Clark’s lawyers don’t dispute that he killed Moritz but they say as a diagnosed schizophrenic he should be receiving treatment at a state mental hospital rather than serving a 25-years-to-life prison sentence.

The Supreme Court said Monday it will review Clark’s case, jumping into an issue it avoided for nearly two decades under the late Chief Justice William H. Rehnquist.

Clark’s lawyer in the appeal, David Goldberg, said in a filing that Arizona lawmakers made their law too restrictive. It allows a defendant to be found “guilty except insane” and held for mental health treatment, but it restricts what evidence can be used to prove insanity.

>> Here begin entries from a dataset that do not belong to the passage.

(* Let $\Omega=(a,b)$, $1<p<\infty$, $k\ge1$, and $m,n$ measurable on $(a,b)$ with $0<\theta_-\le m,n\le\theta_+$. Fix a sign $\pm$, let $s>0$, $(\alpha(s),\beta(s))=(s^{-1}c^\pm_{k+1}(s),c^\pm_{k+1}(s))\in\mathcal{C}^\pm_k(m,n)$, and let $u\in W^{1,p}_0(a,b)$ be a nontrivial weak solution of $-(|u'|^{p-2}u')'=\alpha(s)m(u^+)^{p-1}-\beta(s)n(u^-)^{p-1}$ on $(a,b)$, $u(a)=u(b)=0$. Let $I_+$ be a nodal domain (maximal open interval) of $u$ on which $u>0$ and $I_-$ one on which $u<0$. Then $$\mu_1(I_+)\le C\gamma(s),\qquad \mu_1(I_-)\le Cs\gamma(s),$$ where $C=\frac{\theta_+}{\theta_-}\mu_{k+1}(\Omega)$, $\gamma(s)=1$ for $s\ge1$, $\gamma(s)=s^{-1}$ for $s<1$, $\mu_1(I)$ is the first Dirichlet eigenvalue of the one-dimensional $p$-Laplacian on $I$, and $\mu_{k+1}(\Omega)=\pi_p^p(k+1)^p(b-a)^{-p}$.
   Context: $u^\pm=\max\{\pm u,0\}$. For an interval $I$ and weight $r$, $\lambda_1(r,I)=\inf\{\int_I|v'|^p/\int_I r|v|^p:\ v\in W^{1,p}_0(I)\setminus\{0\}\}$; $\mu_1(I)=\lambda_1(1,I)=\pi_p^p|I|^{-p}$ with $\pi_p=2(p-1)^{1/p}\int_0^1(1-t^p)^{-1/p}dt$. A partition in $\mathcal{P}_{k+1}$ is $a=t_0<\dots<t_{k+1}=b$, $I_j=(t_{j-1},t_j)$. $c^+_{k+1}(s)=\inf_{\mathcal{P}_{k+1}}\max\big(\{s\lambda_1(m,I_j): j\text{ odd}\}\cup\{\lambda_1(n,I_j): j\text{ even}\}\big)$ and $c^-_{k+1}(s)$ likewise with "odd" and "even" interchanged. $\mathcal{C}^\pm_k(m,n)$ is the Fučík curve whose eigenfunctions have $k$ interior zeros and positive (resp. negative) slope at $a$; $(s^{-1}c^\pm_{k+1}(s),c^\pm_{k+1}(s))$ is its intersection with the line $\beta=s\alpha$. *)

theory Defs
  imports "HOL-Analysis.Analysis"
begin

(* v \<in> W^{1,p}_0(c,d) with weak derivative g (1D: absolutely continuous
   representative with L^p derivative and zero boundary values) *)
definition w1p0 :: "real \<Rightarrow> real \<Rightarrow> real \<Rightarrow> (real \<Rightarrow> real) \<Rightarrow> (real \<Rightarrow> real) \<Rightarrow> bool" where
  "w1p0 p c d v g \<longleftrightarrow>
     set_integrable lborel {c..d} g \<and>
     set_integrable lborel {c..d} (\<lambda>t. \<bar>g t\<bar> powr p) \<and>
     (\<forall>x\<in>{c..d}. v x = (LINT t:{c..x}|lborel. g t)) \<and>
     v c = 0 \<and> v d = 0"

definition lambda1 :: "real \<Rightarrow> (real \<Rightarrow> real) \<Rightarrow> real \<Rightarrow> real \<Rightarrow> real" where
  "lambda1 p r c d = Inf {(LINT t:{c..d}|lborel. \<bar>g t\<bar> powr p) /
                          (LINT t:{c..d}|lborel. r t * \<bar>v t\<bar> powr p) | v g.
                          w1p0 p c d v g \<and> (\<exists>x\<in>{c<..<d}. v x \<noteq> 0)}"

definition pi_p :: "real \<Rightarrow> real" where
  "pi_p p = 2 * (p - 1) powr (1 / p) * (LINT t:{0..1}|lborel. (1 - t powr p) powr (- 1 / p))"

(* mu_1(I) = pi_p^p |I|^{-p}, as a function of the length L = |I| *)
definition mu1 :: "real \<Rightarrow> real \<Rightarrow> real" where
  "mu1 p L = pi_p p powr p * L powr (- p)"

definition partition :: "real \<Rightarrow> real \<Rightarrow> nat \<Rightarrow> (nat \<Rightarrow> real) \<Rightarrow> bool" where
  "partition a b k t \<longleftrightarrow> t 0 = a \<and> t (Suc k) = b \<and> (\<forall>j\<le>k. t j < t (Suc j))"

(* c^+_{k+1}(s) if pos = True, c^-_{k+1}(s) if pos = False *)
definition cpm :: "bool \<Rightarrow> real \<Rightarrow> (real \<Rightarrow> real) \<Rightarrow> (real \<Rightarrow> real) \<Rightarrow> real \<Rightarrow> real \<Rightarrow> nat \<Rightarrow> real \<Rightarrow> real" where
  "cpm pos p m n a b k s = Inf ((\<lambda>t. Max ((\<lambda>j. if odd j = pos then s * lambda1 p m (t (j - 1)) (t j)
                                                 else lambda1 p n (t (j - 1)) (t j)) ` {1..Suc k}))
                              ` {t. partition a b k t})"

definition nodal_domain :: "bool \<Rightarrow> (real \<Rightarrow> real) \<Rightarrow> real \<Rightarrow> real \<Rightarrow> real \<Rightarrow> real \<Rightarrow> bool" where
  "nodal_domain sg u a b c d \<longleftrightarrow> c < d \<and> a \<le> c \<and> d \<le> b \<and>
     (\<forall>x\<in>{c<..<d}. if sg then u x > 0 else u x < 0) \<and>
     (\<forall>c' d'. c' \<le> c \<longrightarrow> d \<le> d' \<longrightarrow> a \<le> c' \<longrightarrow> d' \<le> b \<longrightarrow>
        (\<forall>x\<in>{c'<..<d'}. if sg then u x > 0 else u x < 0) \<longrightarrow> c' = c \<and> d' = d)"

definition gamma :: "real \<Rightarrow> real" where
  "gamma s = (if s \<ge> 1 then 1 else 1 / s)"

end

(* Testing the equation with u restricted to a nodal domain I (and extended by zero) gives
   int_I |u'|^p = (c/s) int_I m |u|^p on a positive and int_I |u'|^p = c int_I n |u|^p on a
   negative domain, where c = c^pm_{k+1}(s).  As m, n <= theta_+, the unweighted Rayleigh
   quotient of u then bounds lambda_1(1,I) by (c/s) theta_+ resp. c theta_+.  In turn, c is
   at most the cost of the partition of (a,b) into k+1 intervals of equal length, and as
   m, n >= theta_- each piece has weighted eigenvalue at most lambda_1(1,piece) / theta_-.
   Both estimates are expressed through the scaling law lambda_1(1,I) = K |I|^(-p) with
   K = lambda_1(1,(0,1)).  Since K >= 1 by a Poincare inequality, K cancels. *)

theory Submission
  imports Defs
begin

section \<open>Functions in W^{1,p}_0 of an interval\<close>

lemma w1p0_integrable_on:
  assumes "w1p0 p c d v g"
  shows "g integrable_on {c..d}"
  using assms set_borel_integral_eq_integral(1) unfolding w1p0_def by blast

It’s the first time the court has dealt with a direct constitutional challenge to insanity defense laws since lawmakers around the country imposed new restrictions following John Hinckley’s acquittal by reason of insanity in the March 1981 shooting of President Reagan, said Richard Bonnie, a University of Virginia professor who specializes in psychiatry and the law.

“It comes as a surprise,” Bonnie said.

Most, but not all, states allow insanity defenses. In 1994, the Supreme Court let stand Montana’s abolition of insanity as a defense for criminal defendants. But then three years ago justices refused to review a Nevada Supreme Court decision that defendants have a right to use insanity defenses.

While it is not known how new Chief Justice John Roberts will approach the case, Rehnquist had been skeptical of insanity defenses.

In a case 20 years ago the court ruled 8-1 that poor accused criminals have a constitutional right to a psychiatrist if sanity is a key issue in their case. Rehnquist filed the lone dissent to that 1985 decision, writing: “It is highly doubtful that due process requires a state to make available an insanity defense to a criminal defendant, but in any event if such a defense is afforded the burden of proving insanity can be placed on the defendant.”

Arizona assistant attorney general Michael O’Toole told justices in the latest case that “even if the states are required to provide an insanity defense to criminal defendants, this court’s prior decisions make clear that no one particular test is required.”

The Arizona Supreme Court had refused to review the case, and a state appeals court ruled that Clark had no specific evidence to show that he was not capable of knowing he was killing a police officer.

The case is Clark v. Arizona, 05-5966.